### [THE PROBLEM]
Look below for the line holding "(\<forall>A \<in> sets borel. \<forall>y." and the line holding "text \<open>lambda_2: the". Repeat those two and everything between, exactly.

### [INFORMATION]
▬▬▬

(* Let $G$ be a compact group with Haar probability measure $\lambda$, let $\mathcal E$ be a finite partition of $G$ into Borel sets and let $y\in G$. Define, for $D\in Bor(G\times G)$, $$\nu_{y,\mathcal E}(D)=\sum_{E\in\mathcal E^\ast}\frac{\lambda_2\big(D\cap(E\times(E\oplus y))\big)}{\lambda(E)}.$$ Then $\nu_{y,\mathcal E}\in P(G\times G)$ and $\nu_{y,\mathcal E}(B\times G)=\nu_{y,\mathcal E}(G\times B)=\lambda(B)$ for every Borel set $B\subseteq G$.
   Context: $G=(G,\oplus)$ is a compact Hausdorff group (written additively but not necessarily commutative), $\lambda$ its (two-sided invariant) Haar probability measure, and $E\oplus y=\{e\oplus y: e\in E\}$. $\lambda_2$ is the product measure $\lambda\otimes\lambda$ on $G\times G$, extended uniquely to a regular Borel probability measure. $\mathcal E^\ast$ is the set of $E\in\mathcal E$ with $\lambda(E)>0$. $P(X)$ denotes the set of regular Borel probability measures on a compact space $X$. *)

theory Defs
  imports "HOL-Probability.Probability"
begin

definition regular_borel :: "'a::topological_space measure \<Rightarrow> bool" where
  "regular_borel M \<longleftrightarrow> sets M = sets borel \<and>
     (\<forall>A \<in> sets borel.
        emeasure M A = (SUP K \<in> {K. compact K \<and> K \<subseteq> A}. emeasure M K) \<and>
        emeasure M A = (INF U \<in> {U. open U \<and> A \<subseteq> U}. emeasure M U))"

definition regular_borel_prob :: "'a::topological_space measure \<Rightarrow> bool" where
  "regular_borel_prob M \<longleftrightarrow> regular_borel M \<and> prob_space M"

definition haar_prob :: "'a::topological_group_add measure \<Rightarrow> bool" where
  "haar_prob lam \<longleftrightarrow> regular_borel_prob lam \<and>
     (\<forall>A \<in> sets borel. \<forall>y.
        emeasure lam ((\<lambda>x. x + y) ` A) = emeasure lam A \<and>
        emeasure lam ((\<lambda>x. y + x) ` A) = emeasure lam A)"

text \<open>lambda_2: the unique regular Borel probability measure on G x G extending the
  product measure lambda (x) lambda (i.e. agreeing with it on measurable rectangles).\<close>
definition haar_prod :: "'a::topological_group_add measure \<Rightarrow> ('a \<times> 'a) measure \<Rightarrow> bool" where
  "haar_prod lam lam2 \<longleftrightarrow> regular_borel_prob lam2 \<and>
     (\<forall>A \<in> sets borel. \<forall>B \<in> sets borel.
        emeasure lam2 (A \<times> B) = emeasure lam A * emeasure lam B)"

definition finite_borel_partition :: "'a::topological_space set set \<Rightarrow> bool" where
  "finite_borel_partition \<E> \<longleftrightarrow> finite \<E> \<and> \<E> \<subseteq> sets borel \<and> {} \<notin> \<E> \<and>
     disjoint \<E> \<and> \<Union>\<E> = UNIV"

end

theory Submission
  imports Defs
begin

(* \<nu> is the measure with density  \<Sum>\<^sub>E 1\<^bsub>E \<times> (E + y)\<^esub> / \<lambda>(E)  with respect to \<lambda>\<^sub>2, the sum
   running over the non-null cells E.  On rectangles every summand factorises, so
   \<nu>(B \<times> G) = \<Sum>\<^sub>E \<lambda>(B \<inter> E) = \<lambda>(B) by translation invariance of \<lambda>, and
   \<nu>(G \<times> B) = \<Sum>\<^sub>E \<lambda>(B \<inter> (E + y)) = \<lambda>(B) because the translates E + y again partition G;
   null cells contribute nothing to either sum.  Taking B = G shows that \<nu> is a probability
   measure, and regularity is inherited from \<lambda>\<^sub>2 because \<nu> \<le> C \<lambda>\<^sub>2 with C = \<Sum>\<^sub>E 1 / \<lambda>(E). *)

lemma emeasure_eq_SUP_iff_approx:
  assumes M: "finite_measure M" and A: "A \<in> sets M" and Ks: "Ks \<subseteq> sets M"
    and sub: "\<And>K. K \<in> Ks \<Longrightarrow> K \<subseteq> A" and ne: "Ks \<noteq> {}"
  shows "emeasure M A = (SUP K\<in>Ks. emeasure M K) \<longleftrightarrow> (\<forall>e>0. \<exists>K\<in>Ks. measure M (A - K) < e)"
proof
  assume SUP: "emeasure M A = (SUP K\<in>Ks. emeasure M K)"
  show "\<forall>e>0. \<exists>K\<in>Ks. measure M (A - K) < e"
  proof (intro allI impI)
    fix e :: real assume "0 < e"
    from SUP_approx_ennreal[OF this ne SUP] obtain K where K: "K \<in> Ks"
      and "emeasure M A < emeasure M K + ennreal e"
      using finite_measure.emeasure_finite[OF M] by auto
    then have "measure M A < measure M K + e"
      using \<open>0 < e\<close> by (simp add: finite_measure.emeasure_eq_measure[OF M] ennreal_less_iff flip: ennreal_plus)
    moreover have "measure M (A - K) = measure M A - measure M K"
      using K A Ks sub by (intro measure_Diff) (auto simp: finite_measure.emeasure_finite[OF M])
    ultimately have "measure M (A - K) < e" by linarith
    with K show "\<exists>K\<in>Ks. measure M (A - K) < e" by blast
  qed
next
  assume approx: "\<forall>e>0. \<exists>K\<in>Ks. measure M (A - K) < e"
  show "emeasure M A = (SUP K\<in>Ks. emeasure M K)"
  proof (rule antisym)
    show "emeasure M A \<le> (SUP K\<in>Ks. emeasure M K)"
    proof (rule ennreal_le_epsilon)
      fix e :: real assume "0 < e"
      then obtain K where K: "K \<in> Ks" and "measure M (A - K) < e" using approx by blast
      moreover have "measure M A = measure M K + measure M (A - K)"
        using K A Ks sub by (subst finite_measure.finite_measure_Diff[OF M]) auto
      ultimately have "measure M A \<le> measure M K + e" by linarith
      then have "emeasure M A \<le> emeasure M K + ennreal e"
        using \<open>0 < e\<close> by (simp add: finite_measure.emeasure_eq_measure[OF M] ennreal_leI flip: ennreal_plus)
      also have "emeasure M K \<le> (SUP K\<in>Ks. emeasure M K)" using K by (rule SUP_upper)
      finally show "emeasure M A \<le> (SUP K\<in>Ks. emeasure M K) + ennreal e" by simp
    qed
    show "(SUP K\<in>Ks. emeasure M K) \<le> emeasure M A"
      using A sub by (intro SUP_least emeasure_mono) auto
  qed
qed

lemma emeasure_eq_INF_iff_approx:
  assumes M: "finite_measure M" and A: "A \<in> sets M" and Us: "Us \<subseteq> sets M"
    and sup: "\<And>U. U \<in> Us \<Longrightarrow> A \<subseteq> U"
  shows "emeasure M A = (INF U\<in>Us. emeasure M U) \<longleftrightarrow> (\<forall>e>0. \<exists>U\<in>Us. measure M (U - A) < e)"
proof
  assume INF: "emeasure M A = (INF U\<in>Us. emeasure M U)"
  show "\<forall>e>0. \<exists>U\<in>Us. measure M (U - A) < e"
  proof (intro allI impI)
    fix e :: real assume "0 < e"
    from INF_approx_ennreal[OF this INF] obtain U where U: "U \<in> Us"
      and "emeasure M U < emeasure M A + ennreal e"
      using finite_measure.emeasure_finite[OF M] by auto
    then have "measure M U < measure M A + e"
      using \<open>0 < e\<close> by (simp add: finite_measure.emeasure_eq_measure[OF M] ennreal_less_iff flip: ennreal_plus)
    moreover have "measure M (U - A) = measure M U - measure M A"
      using U A Us sup by (intro measure_Diff) (auto simp: finite_measure.emeasure_finite[OF M])
    ultimately have "measure M (U - A) < e" by linarith
    with U show "\<exists>U\<in>Us. measure M (U - A) < e" by blast
  qed
next
  assume approx: "\<forall>e>0. \<exists>U\<in>Us. measure M (U - A) < e"
  show "emeasure M A = (INF U\<in>Us. emeasure M U)"
  proof (rule antisym)
    show "emeasure M A \<le> (INF U\<in>Us. emeasure M U)"
      using Us sup by (intro INF_greatest emeasure_mono) auto
    show "(INF U\<in>Us. emeasure M U) \<le> emeasure M A"
    proof (rule ennreal_le_epsilon)
      fix e :: real assume "0 < e"
      then obtain U where U: "U \<in> Us" and "measure M (U - A) < e" using approx by blast
      moreover have "measure M U = measure M A + measure M (U - A)"
        using U A Us sup by (subst finite_measure.finite_measure_Diff[OF M]) auto
      ultimately have "measure M U \<le> measure M A + e" by linarith
      then have "emeasure M U \<le> emeasure M A + ennreal e"
        using \<open>0 < e\<close> by (simp add: finite_measure.emeasure_eq_measure[OF M] ennreal_leI flip: ennreal_plus)
      moreover have "(INF U\<in>Us. emeasure M U) \<le> emeasure M U" using U by (rule INF_lower)
      ultimately show "(INF U\<in>Us. emeasure M U) \<le> emeasure M A + ennreal e" by simp
    qed
  qed
qed

lemma compact_in_borel: "compact (K :: 'a::t2_space set) \<Longrightarrow> K \<in> sets borel"
  by (simp add: compact_imp_closed)

lemma approx_transfer_dominated:
  fixes C :: real
  assumes approx: "\<forall>d>0. \<exists>x\<in>X. measure N (f x) < d"
    and dominated: "\<And>x. x \<in> X \<Longrightarrow> measure \<nu> (f x) \<le> C * measure N (f x)"
  shows "\<forall>e>0. \<exists>x\<in>X. measure \<nu> (f x) < e"
proof (intro allI impI)
  fix e :: real assume "0 < e"
  then have "0 < e / (\<bar>C\<bar> + 1)" by simp
  with approx obtain x where x: "x \<in> X" and less: "measure N (f x) < e / (\<bar>C\<bar> + 1)"
    by blast
  have "measure \<nu> (f x) \<le> C * measure N (f x)" using x by (rule dominated)
  also have "\<dots> \<le> \<bar>C\<bar> * measure N (f x)" by (intro mult_right_mono) auto
  also have "\<dots> \<le> \<bar>C\<bar> * (e / (\<bar>C\<bar> + 1))" using less by (intro mult_left_mono) auto
  also have "\<dots> < e" using \<open>0 < e\<close> by (simp add: field_simps)
  finally show "\<exists>x\<in>X. measure \<nu> (f x) < e" using x by blast
qed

▬▬▬

### [TASK ANSWER]
     (\<forall>A \<in> sets borel. \<forall>y.
        emeasure lam ((\<lambda>x. x + y) ` A) = emeasure lam A \<and>
        emeasure lam ((\<lambda>x. y + x) ` A) = emeasure lam A)"

text \<open>lambda_2: the unique regular Borel probability measure on G x G extending the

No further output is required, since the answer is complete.